20      It is clear that subject to consideration of matters personal to you, denunciation, just punishment, and deterrence must play a role in sentencing for these offences.

21      You are now 28, and were born and raised in Melbourne.  Your parents separated when you were 13, and you and your siblings remained with your father, but you maintained regular contact with your mother.  Apart from the inevitable disruption caused by parental separation, it appears that family life was safe and stable.

22      You have amassed a number of convictions over the past eight years for contact sexual activity with children, as well as procuring and breaching court orders or your obligations under the Sex Offender Registration Act.  

23      In 2005, you were dealt with for indecent act with a child under 16.  You were released on an undertaking conditioned upon your complying with lawful instructions of officers of Disability Services.  Four years later, in May 2009, you were dealt with on charges of indecent act with a child under 16, indecent assault and attempted procuring of a child under 16 for sexual penetration. You were released on a two year Community Based Order with a Justice Plan.  You failed to comply with the conditions of the Community Based Order and your reporting conditions under Sex Offender Registration Act and in October the following year, breach proceedings led to your release on an intensive corrections order and a further 12 month Community Based Order, again with Justice Plan conditions, and a direction you participate in a Sex Offender Treatment Program.  In November 2011, you were sentenced to your first period of imprisonment.  This was for a further failure to comply with your reporting obligations under the Sex Offender Registration Act.  At the same time you were dealt with for breaching the Community Based Order that had been imposed in October the previous year.  You were placed on a further 12 month Community Based Order on the same conditions as the previous one.  Your sentence, as varied on appeal to this court, was 12 months' imprisonment with a non parole period of four months.  This offending commenced only a month after the expiry of your parole.

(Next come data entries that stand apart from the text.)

lemma moment_matching:
  assumes "k < 2 * Suc m"
  shows "hip N (W 1) ((tvec N A ^^ k) (V 1)) = hip (Suc m) E1 ((tvec (Suc m) T ^^ k) E1)"
proof (cases "k \<le> 2 * m")
  case True
  obtain a b where k: "k = a + b" and a: "a \<le> m" and b: "b \<le> m"
    using True by (intro that[of "k - min k m" "min k m"]) auto
  have "hip N (W 1) ((tvec N A ^^ (a + b)) (V 1))
      = hip (Suc m) (((\<lambda>Y. tlvec (Suc m) Y T) ^^ a) E1) ((tvec (Suc m) T ^^ b) E1)"
    by (simp only: hip_funpow_tvec_add funpow_tvec_V_1[OF b] funpow_tlvec_W_1[OF a] hip_Wcomb_Vcomb)
  then show ?thesis
    unfolding k hip_funpow_tvec_add .
next
  case False
  then have k: "k = m + Suc m"
    using assms by simp
  have "hip N (W 1) ((tvec N A ^^ k) (V 1))
      = hip N (((\<lambda>Y. tlvec N Y A) ^^ m) (W 1)) (tvec N A ((tvec N A ^^ m) (V 1)))"
    unfolding k hip_funpow_tvec_add by simp
  also have "\<dots> = hip (Suc m) (((\<lambda>Y. tlvec (Suc m) Y T) ^^ m) E1) (tvec (Suc m) T ((tvec (Suc m) T ^^ m) E1))"
    by (simp only: funpow_tvec_V_1[OF order_refl] funpow_tlvec_W_1[OF order_refl] hip_Wcomb_tvec_Vcomb)
  also have "\<dots> = hip (Suc m) E1 ((tvec (Suc m) T ^^ k) E1)"
    unfolding k hip_funpow_tvec_add by simp
  finally show ?thesis .
qed

end

theorem theorem3p2:
  fixes N n :: nat and A :: "'m::finite tens" and v w :: "nat \<Rightarrow> complex"
    and gam :: "nat \<Rightarrow> 'm cmat"
  assumes wv: "(\<Sum>i<N. cnj (w i) * v i) = 1"
    and gam_inv: "\<forall>k\<ge>2. invertible (gam k)"
    and n1: "n \<ge> 1"
    and beta_inv: "\<forall>j. 2 \<le> j \<and> j \<le> n \<longrightarrow> invertible (lzbeta N A v w gam j)"
  shows "\<forall>k < 2 * n.
    hip N (kronI (\<lambda>i. cnj (w i))) (tvec N (tpow N A k) (kronI v))
    = hip n E1 (tvec n (tpow n (lzT N A v w gam n) k) E1)"
proof -
  obtain m where n: "n = Suc m"
    using n1 by (cases n) auto
  interpret lanczos_process N A v w gam m
    using wv gam_inv beta_inv n by unfold_locales auto
  show ?thesis
  proof (intro allI impI)
    fix k
    assume "k < 2 * n"
    then have "hip N (W 1) ((tvec N A ^^ k) (V 1)) = hip n E1 ((tvec n (lzT N A v w gam n) ^^ k) E1)"
      using moment_matching n by simp
    then show "hip N (kronI (\<lambda>i. cnj (w i))) (tvec N (tpow N A k) (kronI v))
        = hip n E1 (tvec n (tpow n (lzT N A v w gam n) k) E1)"
      by (simp only: hip_tvec_tpow V_1 W_1)
  qed
qed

24      It is clear that rehabilitative, community based orders have not been successful in containing your behaviour.  Nor has imprisonment served to deter you.

25      You have limited family support.  It would appear that you had been living with your father whilst on parole, but the arrangement broke down and you were living independently during the time of this offending.  According to the reports provided to me, it was your behaviour which led your father to bring the arrangement to an end.  You were assisted through Disability Services to find independent accommodation.  You have little contact with your siblings, and have had weekly phone contact with your mother whilst you have been in custody.  It follows that your prospects of family support whilst in custody and on release are limited.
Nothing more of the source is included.